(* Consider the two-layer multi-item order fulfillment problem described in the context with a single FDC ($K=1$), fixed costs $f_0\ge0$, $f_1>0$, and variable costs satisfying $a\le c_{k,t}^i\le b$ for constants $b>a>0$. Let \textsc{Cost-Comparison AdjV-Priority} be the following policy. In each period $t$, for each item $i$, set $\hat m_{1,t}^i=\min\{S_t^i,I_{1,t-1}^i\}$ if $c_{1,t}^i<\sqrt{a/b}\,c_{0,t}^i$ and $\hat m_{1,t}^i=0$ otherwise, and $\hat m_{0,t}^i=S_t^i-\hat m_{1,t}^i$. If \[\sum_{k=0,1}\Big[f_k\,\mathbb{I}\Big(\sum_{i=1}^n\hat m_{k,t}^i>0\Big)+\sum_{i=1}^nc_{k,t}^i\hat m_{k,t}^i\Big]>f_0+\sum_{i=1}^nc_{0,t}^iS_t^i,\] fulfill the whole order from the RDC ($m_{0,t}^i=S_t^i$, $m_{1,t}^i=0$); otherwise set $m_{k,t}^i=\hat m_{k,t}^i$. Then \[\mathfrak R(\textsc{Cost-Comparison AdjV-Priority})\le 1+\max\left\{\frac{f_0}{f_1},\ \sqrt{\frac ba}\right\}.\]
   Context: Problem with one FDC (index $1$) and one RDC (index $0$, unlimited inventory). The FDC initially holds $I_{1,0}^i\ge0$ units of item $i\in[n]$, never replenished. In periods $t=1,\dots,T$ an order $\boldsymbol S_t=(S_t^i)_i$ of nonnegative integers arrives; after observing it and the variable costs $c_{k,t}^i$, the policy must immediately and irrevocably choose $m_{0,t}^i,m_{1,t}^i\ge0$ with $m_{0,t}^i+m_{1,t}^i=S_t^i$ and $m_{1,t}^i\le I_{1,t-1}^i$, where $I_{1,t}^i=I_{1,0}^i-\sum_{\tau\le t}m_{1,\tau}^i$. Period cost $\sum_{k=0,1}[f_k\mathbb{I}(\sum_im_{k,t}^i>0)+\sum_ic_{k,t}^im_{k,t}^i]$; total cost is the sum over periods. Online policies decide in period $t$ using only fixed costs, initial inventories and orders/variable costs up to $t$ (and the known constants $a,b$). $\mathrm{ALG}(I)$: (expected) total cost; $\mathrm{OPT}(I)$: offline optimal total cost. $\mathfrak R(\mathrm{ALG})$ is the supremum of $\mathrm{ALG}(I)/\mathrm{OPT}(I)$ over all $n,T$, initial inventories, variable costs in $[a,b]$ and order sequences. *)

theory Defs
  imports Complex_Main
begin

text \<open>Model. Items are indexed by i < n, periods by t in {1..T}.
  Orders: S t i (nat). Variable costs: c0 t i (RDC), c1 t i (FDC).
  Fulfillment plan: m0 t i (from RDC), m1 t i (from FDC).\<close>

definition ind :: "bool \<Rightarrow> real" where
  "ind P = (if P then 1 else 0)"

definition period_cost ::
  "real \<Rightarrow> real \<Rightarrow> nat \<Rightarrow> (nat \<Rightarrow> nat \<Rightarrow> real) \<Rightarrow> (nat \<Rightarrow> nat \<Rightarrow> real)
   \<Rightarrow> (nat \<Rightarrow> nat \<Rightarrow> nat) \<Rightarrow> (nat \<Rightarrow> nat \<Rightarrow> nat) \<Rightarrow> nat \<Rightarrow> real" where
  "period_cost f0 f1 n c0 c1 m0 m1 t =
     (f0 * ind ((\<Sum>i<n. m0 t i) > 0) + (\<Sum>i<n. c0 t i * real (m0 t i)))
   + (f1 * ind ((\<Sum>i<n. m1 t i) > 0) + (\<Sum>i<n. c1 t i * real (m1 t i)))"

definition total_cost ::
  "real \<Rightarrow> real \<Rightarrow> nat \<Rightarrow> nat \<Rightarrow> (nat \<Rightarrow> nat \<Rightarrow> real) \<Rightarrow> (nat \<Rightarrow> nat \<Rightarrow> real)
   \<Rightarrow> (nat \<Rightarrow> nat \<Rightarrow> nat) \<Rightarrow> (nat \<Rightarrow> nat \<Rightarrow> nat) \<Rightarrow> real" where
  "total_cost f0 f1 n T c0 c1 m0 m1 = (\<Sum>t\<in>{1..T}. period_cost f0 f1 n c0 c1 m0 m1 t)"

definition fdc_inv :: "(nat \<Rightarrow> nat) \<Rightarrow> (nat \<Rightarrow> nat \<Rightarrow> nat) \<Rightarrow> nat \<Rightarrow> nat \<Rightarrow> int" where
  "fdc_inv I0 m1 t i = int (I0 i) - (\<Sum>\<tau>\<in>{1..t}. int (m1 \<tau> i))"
# # # #
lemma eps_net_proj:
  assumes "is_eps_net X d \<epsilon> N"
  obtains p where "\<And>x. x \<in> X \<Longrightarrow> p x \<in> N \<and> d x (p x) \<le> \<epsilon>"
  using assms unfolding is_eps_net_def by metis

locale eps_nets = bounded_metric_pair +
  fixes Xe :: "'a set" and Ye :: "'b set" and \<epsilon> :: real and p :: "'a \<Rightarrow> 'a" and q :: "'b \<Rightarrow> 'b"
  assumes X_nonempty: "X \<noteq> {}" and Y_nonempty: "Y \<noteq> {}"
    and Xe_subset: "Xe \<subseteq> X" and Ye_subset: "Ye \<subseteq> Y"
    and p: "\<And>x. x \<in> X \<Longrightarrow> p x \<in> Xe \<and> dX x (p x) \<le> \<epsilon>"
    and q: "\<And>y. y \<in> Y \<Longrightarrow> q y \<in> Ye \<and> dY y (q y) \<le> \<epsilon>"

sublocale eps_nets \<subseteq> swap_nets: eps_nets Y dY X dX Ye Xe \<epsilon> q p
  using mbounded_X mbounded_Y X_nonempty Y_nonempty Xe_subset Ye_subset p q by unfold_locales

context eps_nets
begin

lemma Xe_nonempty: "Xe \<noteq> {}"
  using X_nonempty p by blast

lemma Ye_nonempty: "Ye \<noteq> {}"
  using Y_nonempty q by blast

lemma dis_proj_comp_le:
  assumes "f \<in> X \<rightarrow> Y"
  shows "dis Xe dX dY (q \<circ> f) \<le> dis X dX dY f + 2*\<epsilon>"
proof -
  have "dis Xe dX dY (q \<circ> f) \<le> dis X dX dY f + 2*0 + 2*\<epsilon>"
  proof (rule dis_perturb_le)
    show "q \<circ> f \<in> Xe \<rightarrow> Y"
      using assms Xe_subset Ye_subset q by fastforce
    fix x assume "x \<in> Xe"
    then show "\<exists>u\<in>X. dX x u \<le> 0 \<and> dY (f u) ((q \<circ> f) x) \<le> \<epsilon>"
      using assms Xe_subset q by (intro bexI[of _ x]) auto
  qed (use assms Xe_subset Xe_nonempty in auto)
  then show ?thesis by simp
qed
# # # #
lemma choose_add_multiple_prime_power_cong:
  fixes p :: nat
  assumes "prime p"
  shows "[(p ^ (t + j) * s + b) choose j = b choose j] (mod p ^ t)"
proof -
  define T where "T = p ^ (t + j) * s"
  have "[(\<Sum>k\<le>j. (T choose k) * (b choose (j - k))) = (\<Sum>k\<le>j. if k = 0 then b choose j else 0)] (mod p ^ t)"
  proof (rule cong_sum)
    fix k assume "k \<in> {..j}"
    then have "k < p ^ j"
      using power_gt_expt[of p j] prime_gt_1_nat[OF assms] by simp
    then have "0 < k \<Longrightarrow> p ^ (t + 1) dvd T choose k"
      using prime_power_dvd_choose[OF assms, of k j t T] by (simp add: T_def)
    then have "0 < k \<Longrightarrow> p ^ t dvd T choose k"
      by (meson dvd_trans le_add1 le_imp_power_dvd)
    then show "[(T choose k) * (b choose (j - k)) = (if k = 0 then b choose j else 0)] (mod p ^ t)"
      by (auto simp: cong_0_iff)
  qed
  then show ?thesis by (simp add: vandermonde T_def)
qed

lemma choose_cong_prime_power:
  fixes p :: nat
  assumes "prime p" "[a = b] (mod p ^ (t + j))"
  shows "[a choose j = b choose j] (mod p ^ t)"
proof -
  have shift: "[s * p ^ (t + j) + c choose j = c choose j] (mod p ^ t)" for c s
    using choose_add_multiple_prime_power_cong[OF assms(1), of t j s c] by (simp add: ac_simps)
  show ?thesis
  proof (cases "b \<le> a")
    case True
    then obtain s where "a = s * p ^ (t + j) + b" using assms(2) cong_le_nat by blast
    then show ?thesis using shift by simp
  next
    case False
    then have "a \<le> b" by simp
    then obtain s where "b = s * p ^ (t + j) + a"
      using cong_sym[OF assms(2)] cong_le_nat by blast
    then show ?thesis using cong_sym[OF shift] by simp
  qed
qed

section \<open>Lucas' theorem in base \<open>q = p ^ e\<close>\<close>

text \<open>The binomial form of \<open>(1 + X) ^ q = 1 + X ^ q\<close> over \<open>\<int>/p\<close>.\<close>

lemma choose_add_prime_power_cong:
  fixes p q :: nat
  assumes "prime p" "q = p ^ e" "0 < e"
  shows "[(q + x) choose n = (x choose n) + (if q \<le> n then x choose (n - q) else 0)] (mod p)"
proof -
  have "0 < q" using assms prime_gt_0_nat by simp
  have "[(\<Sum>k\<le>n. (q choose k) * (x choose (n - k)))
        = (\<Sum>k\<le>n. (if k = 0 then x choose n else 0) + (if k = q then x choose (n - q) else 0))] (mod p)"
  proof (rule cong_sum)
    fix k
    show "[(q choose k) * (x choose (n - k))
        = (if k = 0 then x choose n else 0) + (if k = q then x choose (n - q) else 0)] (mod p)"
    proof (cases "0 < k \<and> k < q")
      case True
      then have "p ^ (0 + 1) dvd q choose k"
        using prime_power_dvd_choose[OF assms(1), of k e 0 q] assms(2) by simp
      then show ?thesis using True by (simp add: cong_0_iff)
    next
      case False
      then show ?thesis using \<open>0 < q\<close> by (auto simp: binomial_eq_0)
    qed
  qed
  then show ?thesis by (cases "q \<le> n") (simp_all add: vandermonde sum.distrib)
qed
# # # #
Directions: Each line of the data that holds "assms" should be copied.

Answer for the task:
  using assms unfolding is_eps_net_def by metis
      using assms Xe_subset Ye_subset q by fastforce
      using assms Xe_subset q by (intro bexI[of _ x]) auto
  qed (use assms Xe_subset Xe_nonempty in auto)
      using power_gt_expt[of p j] prime_gt_1_nat[OF assms] by simp
      using prime_power_dvd_choose[OF assms, of k j t T] by (simp add: T_def)
    using choose_add_multiple_prime_power_cong[OF assms(1), of t j s c] by (simp add: ac_simps)
    then obtain s where "a = s * p ^ (t + j) + b" using assms(2) cong_le_nat by blast
      using cong_sym[OF assms(2)] cong_le_nat by blast
  have "0 < q" using assms prime_gt_0_nat by simp
        using prime_power_dvd_choose[OF assms(1), of k e 0 q] assms(2) by simp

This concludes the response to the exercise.